The records Block Start

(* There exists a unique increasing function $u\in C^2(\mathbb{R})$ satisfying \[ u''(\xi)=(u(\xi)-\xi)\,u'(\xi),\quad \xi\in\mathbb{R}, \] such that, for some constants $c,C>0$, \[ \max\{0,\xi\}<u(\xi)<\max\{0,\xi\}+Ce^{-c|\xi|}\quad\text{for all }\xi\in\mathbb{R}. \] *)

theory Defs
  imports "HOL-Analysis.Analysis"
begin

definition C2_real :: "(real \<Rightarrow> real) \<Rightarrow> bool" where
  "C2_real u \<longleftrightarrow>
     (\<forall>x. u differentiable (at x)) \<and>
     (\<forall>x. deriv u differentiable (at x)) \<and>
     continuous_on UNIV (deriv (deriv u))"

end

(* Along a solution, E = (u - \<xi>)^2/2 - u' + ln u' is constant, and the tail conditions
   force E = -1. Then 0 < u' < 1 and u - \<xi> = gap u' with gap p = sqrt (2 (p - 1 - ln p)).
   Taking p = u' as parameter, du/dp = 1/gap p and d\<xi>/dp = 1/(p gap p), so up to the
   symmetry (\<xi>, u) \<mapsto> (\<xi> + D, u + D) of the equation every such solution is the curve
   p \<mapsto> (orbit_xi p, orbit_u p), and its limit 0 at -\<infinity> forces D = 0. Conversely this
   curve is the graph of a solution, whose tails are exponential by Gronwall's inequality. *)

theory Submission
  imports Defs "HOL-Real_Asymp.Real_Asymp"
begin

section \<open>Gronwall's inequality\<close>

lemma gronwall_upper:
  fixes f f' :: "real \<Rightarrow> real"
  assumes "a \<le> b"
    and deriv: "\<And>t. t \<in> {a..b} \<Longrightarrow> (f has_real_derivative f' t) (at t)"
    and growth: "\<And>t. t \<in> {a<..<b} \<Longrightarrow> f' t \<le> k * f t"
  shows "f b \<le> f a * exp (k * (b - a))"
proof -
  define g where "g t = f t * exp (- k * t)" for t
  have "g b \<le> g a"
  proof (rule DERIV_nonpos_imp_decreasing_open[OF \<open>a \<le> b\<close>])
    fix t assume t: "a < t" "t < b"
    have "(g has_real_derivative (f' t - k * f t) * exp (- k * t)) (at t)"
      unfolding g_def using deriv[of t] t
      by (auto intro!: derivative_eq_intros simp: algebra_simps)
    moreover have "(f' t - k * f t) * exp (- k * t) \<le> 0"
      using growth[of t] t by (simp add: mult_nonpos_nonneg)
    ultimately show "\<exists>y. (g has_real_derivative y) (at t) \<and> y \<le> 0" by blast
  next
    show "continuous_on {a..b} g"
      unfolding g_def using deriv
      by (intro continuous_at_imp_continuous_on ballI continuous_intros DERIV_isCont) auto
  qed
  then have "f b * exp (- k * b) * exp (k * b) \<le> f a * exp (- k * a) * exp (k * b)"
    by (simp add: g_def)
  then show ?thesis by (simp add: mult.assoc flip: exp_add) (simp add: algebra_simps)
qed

The records Block End
The records Block Start

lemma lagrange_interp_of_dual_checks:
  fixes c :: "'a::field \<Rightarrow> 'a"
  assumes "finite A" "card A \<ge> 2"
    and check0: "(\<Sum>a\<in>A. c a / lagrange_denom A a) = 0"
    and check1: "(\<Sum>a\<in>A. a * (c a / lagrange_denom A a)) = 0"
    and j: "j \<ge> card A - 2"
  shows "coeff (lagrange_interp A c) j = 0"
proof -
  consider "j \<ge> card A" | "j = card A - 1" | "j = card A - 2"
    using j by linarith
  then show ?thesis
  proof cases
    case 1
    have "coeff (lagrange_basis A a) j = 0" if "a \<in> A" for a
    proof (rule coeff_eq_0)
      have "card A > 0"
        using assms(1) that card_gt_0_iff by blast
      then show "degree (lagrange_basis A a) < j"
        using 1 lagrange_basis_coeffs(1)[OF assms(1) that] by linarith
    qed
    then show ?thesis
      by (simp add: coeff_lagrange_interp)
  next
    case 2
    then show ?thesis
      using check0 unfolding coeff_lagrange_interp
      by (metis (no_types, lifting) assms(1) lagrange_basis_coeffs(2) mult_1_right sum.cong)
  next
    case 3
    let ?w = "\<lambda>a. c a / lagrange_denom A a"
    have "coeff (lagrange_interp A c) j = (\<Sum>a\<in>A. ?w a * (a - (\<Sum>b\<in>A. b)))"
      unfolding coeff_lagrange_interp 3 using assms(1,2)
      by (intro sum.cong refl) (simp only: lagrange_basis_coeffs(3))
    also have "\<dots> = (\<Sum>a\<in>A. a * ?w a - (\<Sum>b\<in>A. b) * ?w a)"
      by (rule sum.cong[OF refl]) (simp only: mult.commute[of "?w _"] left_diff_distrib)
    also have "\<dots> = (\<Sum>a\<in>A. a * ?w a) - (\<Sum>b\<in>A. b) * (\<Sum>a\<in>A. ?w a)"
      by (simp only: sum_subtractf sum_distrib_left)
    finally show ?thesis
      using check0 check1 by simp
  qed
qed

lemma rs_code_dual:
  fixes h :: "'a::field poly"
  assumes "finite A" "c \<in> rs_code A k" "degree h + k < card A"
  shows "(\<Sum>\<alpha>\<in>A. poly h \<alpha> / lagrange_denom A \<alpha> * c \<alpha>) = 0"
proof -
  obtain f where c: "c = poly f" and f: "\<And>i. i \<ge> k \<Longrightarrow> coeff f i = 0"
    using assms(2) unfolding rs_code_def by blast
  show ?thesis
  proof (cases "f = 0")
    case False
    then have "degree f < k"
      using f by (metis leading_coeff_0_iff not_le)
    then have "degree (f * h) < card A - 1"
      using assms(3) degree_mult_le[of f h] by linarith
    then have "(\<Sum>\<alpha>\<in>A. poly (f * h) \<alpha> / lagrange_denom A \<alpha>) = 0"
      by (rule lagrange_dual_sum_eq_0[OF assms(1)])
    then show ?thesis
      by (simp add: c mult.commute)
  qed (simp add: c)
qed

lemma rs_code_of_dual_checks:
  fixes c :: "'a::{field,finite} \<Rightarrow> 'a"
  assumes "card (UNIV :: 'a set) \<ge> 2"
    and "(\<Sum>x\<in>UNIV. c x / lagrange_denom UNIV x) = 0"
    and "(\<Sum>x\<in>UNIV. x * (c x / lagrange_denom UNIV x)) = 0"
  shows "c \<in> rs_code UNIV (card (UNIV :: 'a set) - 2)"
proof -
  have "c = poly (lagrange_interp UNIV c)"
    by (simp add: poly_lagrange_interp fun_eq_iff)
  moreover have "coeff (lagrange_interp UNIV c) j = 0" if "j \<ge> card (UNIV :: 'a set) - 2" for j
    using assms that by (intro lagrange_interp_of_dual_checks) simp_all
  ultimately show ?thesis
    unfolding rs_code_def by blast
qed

The records Block End

#### [Problem statement]
From the entries, give the number of lines where the string "intro" is found, and nothing else.

#### [Exercise result]
4